**Action item**
Each record must appear in the answer exactly as it does in the data.

**Supplied records**

lemma trace_scalar_plus_outer_mult:
  fixes v :: "real^'n"
  shows "trace ((\<alpha> *\<^sub>R mat 1 + \<beta> *\<^sub>R outer v) ** (\<gamma> *\<^sub>R mat 1 + \<epsilon> *\<^sub>R outer v))
    = \<alpha> * \<gamma> * real CARD('n) + (\<alpha> * \<epsilon> + \<beta> * \<gamma>) * (norm v)\<^sup>2 + \<beta> * \<epsilon> * ((norm v)\<^sup>2)\<^sup>2"
  unfolding trace_def scalar_plus_outer_mult_nth
  by (simp add: sum.distrib sum_distrib_left[symmetric] sum_distrib_right[symmetric]
      norm_power2_eq_sum[symmetric] algebra_simps power2_eq_square)

lemma Amat_scaleR:
  fixes v :: "real^'n"
  assumes "v \<noteq> 0" "a \<noteq> 0"
  shows "Amat p (a *\<^sub>R v) = (1/p) *\<^sub>R mat 1 + ((1/p) * ((p - 2) / (norm v)\<^sup>2)) *\<^sub>R outer v"
proof -
  have norm_scaleR: "(norm (a *\<^sub>R v))\<^sup>2 = a\<^sup>2 * (norm v)\<^sup>2"
    by (simp add: power_mult_distrib)
  have "((p - 2) / (norm (a *\<^sub>R v))\<^sup>2) *\<^sub>R (\<chi> i j. (a *\<^sub>R v)$i * (a *\<^sub>R v)$j)
      = ((p - 2) / (norm v)\<^sup>2) *\<^sub>R outer v"
    unfolding norm_scaleR using assms by (simp add: outer_def vec_eq_iff power2_eq_square field_simps)
  then show ?thesis
    unfolding Amat_def by (simp add: scaleR_add_right)
qed

lemma Gop_scalar_plus_outer:
  fixes v :: "real^'n"
  assumes "v \<noteq> 0" "a \<noteq> 0" "p \<noteq> 0"
  shows "Gop p (a *\<^sub>R v) (b *\<^sub>R mat 1 + e *\<^sub>R outer v)
     = - (1/p) * (b * (real CARD('n) + p - 2) + (p - 1) * e * (norm v)\<^sup>2)"
  unfolding Gop_def Amat_scaleR[OF assms(1,2)] trace_scalar_plus_outer_mult
  using assms by (simp add: field_simps power2_eq_square)

lemma Gstar_le_Gop:
  fixes \<xi> :: "real^'n"
  assumes "\<xi> \<noteq> 0"
  shows "Gstar p \<xi> X \<le> ereal (Gop p \<xi> X)"
proof -
  let ?F = "at (\<xi>, X) within {z :: (real^'n) \<times> (real^'n^'n). fst z \<noteq> 0}"
  have "(fst \<longlongrightarrow> \<xi>) ?F" "(snd \<longlongrightarrow> X) ?F"
    using tendsto_fst[OF tendsto_ident_at] tendsto_snd[OF tendsto_ident_at] by auto
  moreover have "Gop p \<zeta> Y = - (\<Sum>i\<in>UNIV. \<Sum>k\<in>UNIV.
      (1/p) * ((if i = k then 1 else 0) + ((p - 2) / (norm \<zeta>)\<^sup>2) * (\<zeta>$i * \<zeta>$k)) * Y$k$i)"
    for \<zeta> :: "real^'n" and Y
    by (simp add: Gop_def Amat_def trace_def matrix_matrix_mult_def mat_def)
  ultimately have "((\<lambda>z. Gop p (fst z) (snd z)) \<longlongrightarrow> Gop p \<xi> X) ?F"
    using assms by (simp only:) (intro tendsto_intros tendsto_vec_nth; simp)
  then have lim: "((\<lambda>z. ereal (Gop p (fst z) (snd z))) \<longlongrightarrow> ereal (Gop p \<xi> X)) ?F"
    by (rule tendsto_ereal)
  show ?thesis
  proof (cases "trivial_limit ?F")
    case False
    then show ?thesis
      unfolding Gstar_def using lim_imp_Limsup[OF False lim] by simp
  qed (simp add: Gstar_def)
qed

section \<open>Comparison with strict subsolutions\<close>

lemma open_lsc_superlevel:
  assumes "lsc f"
  shows "open {y. t < f y}"
proof (rule open_subopen[THEN iffD2], rule ballI)
  fix x assume x: "x \<in> {y. t < f y}"
  then have "\<forall>\<^sub>F y in at x. t < f y"
    using assms unfolding lsc_def by auto
  then obtain T where "open T" "x \<in> T" "\<forall>y\<in>T. y \<noteq> x \<longrightarrow> t < f y"
    unfolding eventually_at_topological by auto
  with x have "open T \<and> x \<in> T \<and> T \<subseteq> {y. t < f y}"
    by auto
  then show "\<exists>T. open T \<and> x \<in> T \<and> T \<subseteq> {y. t < f y}" ..
qed
lemma w1_le_f_MST_decrease:
  assumes G: "simple_graph V E" "connected_on V E" "\<forall>e\<in>E. 0 \<le> w e"
    and S: "S \<subseteq> V" "u \<in> S" "v \<in> V - S" "{u, v} \<notin> E"
  shows "f_MST V (insert {u, v} E) (w({u, v} := 0)) + w1 V E w S \<le> f_MST V E w"
proof -
  define e where "e = {u, v}"
  define w' where "w' = w(e := 0)"
  have finE: "finite E" using G(1) by (rule simple_graph_finite_edges)
  obtain T where T: "spanning_tree V E T" "f_MST V E w = sum w T"
    using f_MST_attained finE G(2) by blast
  have TE: "T \<subseteq> E" and "connected_on V T" using T(1) by (auto simp: spanning_tree_def)
  then have "(u, v) \<in> (adj_rel T)\<^sup>*" using S unfolding connected_on_def by blast
  from crossing_edge_replaceable[OF finite_subset[OF TE finE] this S(2)] S(3)
  obtain c d where cd: "{c, d} \<in> T" "c \<in> S" "d \<notin> S"
      "(c, d) \<in> (adj_rel (insert e (T - {{c, d}})))\<^sup>*"
    unfolding e_def by blast
  have "d \<in> V" using cd(1) TE G(1) by (auto simp: simple_graph_def pairs_def)
  have "e \<notin> T" using TE S(4) by (auto simp: e_def)
  have "f_MST V (insert e E) w' \<le> sum w' (T - {{c, d}}) + w' e"
    using G(3) TE cd(4) \<open>connected_on V T\<close> finE
    by (intro f_MST_le_exchange) (auto simp: w'_def)
  also have "\<dots> = sum w (T - {{c, d}})"
    using \<open>e \<notin> T\<close> by (simp add: w'_def) (rule sum.cong, auto)
  also have "\<dots> = sum w T - w {c, d}" using cd(1) finite_subset[OF TE finE] by (simp add: sum_diff1)
  finally have "f_MST V (insert e E) w' \<le> f_MST V E w - w {c, d}" using T(2) by simp
  moreover have "w1 V E w S \<le> w {c, d}"
    using cd(1-3) \<open>d \<in> V\<close> TE finE by (intro w1_le) auto
  ultimately show ?thesis by (simp add: e_def w'_def)
qed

**Exercise solution**
lemma trace_scalar_plus_outer_mult:
  fixes v :: "real^'n"
  shows "trace ((\<alpha> *\<^sub>R mat 1 + \<beta> *\<^sub>R outer v) ** (\<gamma> *\<^sub>R mat 1 + \<epsilon> *\<^sub>R outer v))
    = \<alpha> * \<gamma> * real CARD('n) + (\<alpha> * \<epsilon> + \<beta> * \<gamma>) * (norm v)\<^sup>2 + \<beta> * \<epsilon> * ((norm v)\<^sup>2)\<^sup>2"
  unfolding trace_def scalar_plus_outer_mult_nth
  by (simp add: sum.distrib sum_distrib_left[symmetric] sum_distrib_right[symmetric]
      norm_power2_eq_sum[symmetric] algebra_simps power2_eq_square)

lemma Amat_scaleR:
  fixes v :: "real^'n"
  assumes "v \<noteq> 0" "a \<noteq> 0"
  shows "Amat p (a *\<^sub>R v) = (1/p) *\<^sub>R mat 1 + ((1/p) * ((p - 2) / (norm v)\<^sup>2)) *\<^sub>R outer v"
proof -
  have norm_scaleR: "(norm (a *\<^sub>R v))\<^sup>2 = a\<^sup>2 * (norm v)\<^sup>2"
    by (simp add: power_mult_distrib)
  have "((p - 2) / (norm (a *\<^sub>R v))\<^sup>2) *\<^sub>R (\<chi> i j. (a *\<^sub>R v)$i * (a *\<^sub>R v)$j)
      = ((p - 2) / (norm v)\<^sup>2) *\<^sub>R outer v"
    unfolding norm_scaleR using assms by (simp add: outer_def vec_eq_iff power2_eq_square field_simps)
  then show ?thesis
    unfolding Amat_def by (simp add: scaleR_add_right)
qed

lemma Gop_scalar_plus_outer:
  fixes v :: "real^'n"
  assumes "v \<noteq> 0" "a \<noteq> 0" "p \<noteq> 0"
  shows "Gop p (a *\<^sub>R v) (b *\<^sub>R mat 1 + e *\<^sub>R outer v)
     = - (1/p) * (b * (real CARD('n) + p - 2) + (p - 1) * e * (norm v)\<^sup>2)"
  unfolding Gop_def Amat_scaleR[OF assms(1,2)] trace_scalar_plus_outer_mult
  using assms by (simp add: field_simps power2_eq_square)

lemma Gstar_le_Gop:
  fixes \<xi> :: "real^'n"
  assumes "\<xi> \<noteq> 0"
  shows "Gstar p \<xi> X \<le> ereal (Gop p \<xi> X)"
proof -
  let ?F = "at (\<xi>, X) within {z :: (real^'n) \<times> (real^'n^'n). fst z \<noteq> 0}"
  have "(fst \<longlongrightarrow> \<xi>) ?F" "(snd \<longlongrightarrow> X) ?F"
    using tendsto_fst[OF tendsto_ident_at] tendsto_snd[OF tendsto_ident_at] by auto
  moreover have "Gop p \<zeta> Y = - (\<Sum>i\<in>UNIV. \<Sum>k\<in>UNIV.
      (1/p) * ((if i = k then 1 else 0) + ((p - 2) / (norm \<zeta>)\<^sup>2) * (\<zeta>$i * \<zeta>$k)) * Y$k$i)"
    for \<zeta> :: "real^'n" and Y
    by (simp add: Gop_def Amat_def trace_def matrix_matrix_mult_def mat_def)
  ultimately have "((\<lambda>z. Gop p (fst z) (snd z)) \<longlongrightarrow> Gop p \<xi> X) ?F"
    using assms by (simp only:) (intro tendsto_intros tendsto_vec_nth; simp)
  then have lim: "((\<lambda>z. ereal (Gop p (fst z) (snd z))) \<longlongrightarrow> ereal (Gop p \<xi> X)) ?F"
    by (rule tendsto_ereal)
  show ?thesis
  proof (cases "trivial_limit ?F")
    case False
    then show ?thesis
      unfolding Gstar_def using lim_imp_Limsup[OF False lim] by simp
  qed (simp add: Gstar_def)
qed

section \<open>Comparison with strict subsolutions\<close>

lemma open_lsc_superlevel:
  assumes "lsc f"
  shows "open {y. t < f y}"
proof (rule open_subopen[THEN iffD2], rule ballI)
  fix x assume x: "x \<in> {y. t < f y}"
  then have "\<forall>\<^sub>F y in at x. t < f y"
    using assms unfolding lsc_def by auto
  then obtain T where "open T" "x \<in> T" "\<forall>y\<in>T. y \<noteq> x \<longrightarrow> t < f y"
    unfolding eventually_at_topological by auto
  with x have "open T \<and> x \<in> T \<and> T \<subseteq> {y. t < f y}"
    by auto
  then show "\<exists>T. open T \<and> x \<in> T \<and> T \<subseteq> {y. t < f y}" ..
qed
lemma w1_le_f_MST_decrease:
  assumes G: "simple_graph V E" "connected_on V E" "\<forall>e\<in>E. 0 \<le> w e"
    and S: "S \<subseteq> V" "u \<in> S" "v \<in> V - S" "{u, v} \<notin> E"
  shows "f_MST V (insert {u, v} E) (w({u, v} := 0)) + w1 V E w S \<le> f_MST V E w"
proof -
  define e where "e = {u, v}"
  define w' where "w' = w(e := 0)"
  have finE: "finite E" using G(1) by (rule simple_graph_finite_edges)
  obtain T where T: "spanning_tree V E T" "f_MST V E w = sum w T"
    using f_MST_attained finE G(2) by blast
  have TE: "T \<subseteq> E" and "connected_on V T" using T(1) by (auto simp: spanning_tree_def)
  then have "(u, v) \<in> (adj_rel T)\<^sup>*" using S unfolding connected_on_def by blast
  from crossing_edge_replaceable[OF finite_subset[OF TE finE] this S(2)] S(3)
  obtain c d where cd: "{c, d} \<in> T" "c \<in> S" "d \<notin> S"
      "(c, d) \<in> (adj_rel (insert e (T - {{c, d}})))\<^sup>*"
    unfolding e_def by blast
  have "d \<in> V" using cd(1) TE G(1) by (auto simp: simple_graph_def pairs_def)
  have "e \<notin> T" using TE S(4) by (auto simp: e_def)
  have "f_MST V (insert e E) w' \<le> sum w' (T - {{c, d}}) + w' e"
    using G(3) TE cd(4) \<open>connected_on V T\<close> finE
    by (intro f_MST_le_exchange) (auto simp: w'_def)
  also have "\<dots> = sum w (T - {{c, d}})"
    using \<open>e \<notin> T\<close> by (simp add: w'_def) (rule sum.cong, auto)
  also have "\<dots> = sum w T - w {c, d}" using cd(1) finite_subset[OF TE finE] by (simp add: sum_diff1)
  finally have "f_MST V (insert e E) w' \<le> f_MST V E w - w {c, d}" using T(2) by simp
  moreover have "w1 V E w S \<le> w {c, d}"
    using cd(1-3) \<open>d \<in> V\<close> TE finE by (intro w1_le) auto
  ultimately show ?thesis by (simp add: e_def w'_def)
qed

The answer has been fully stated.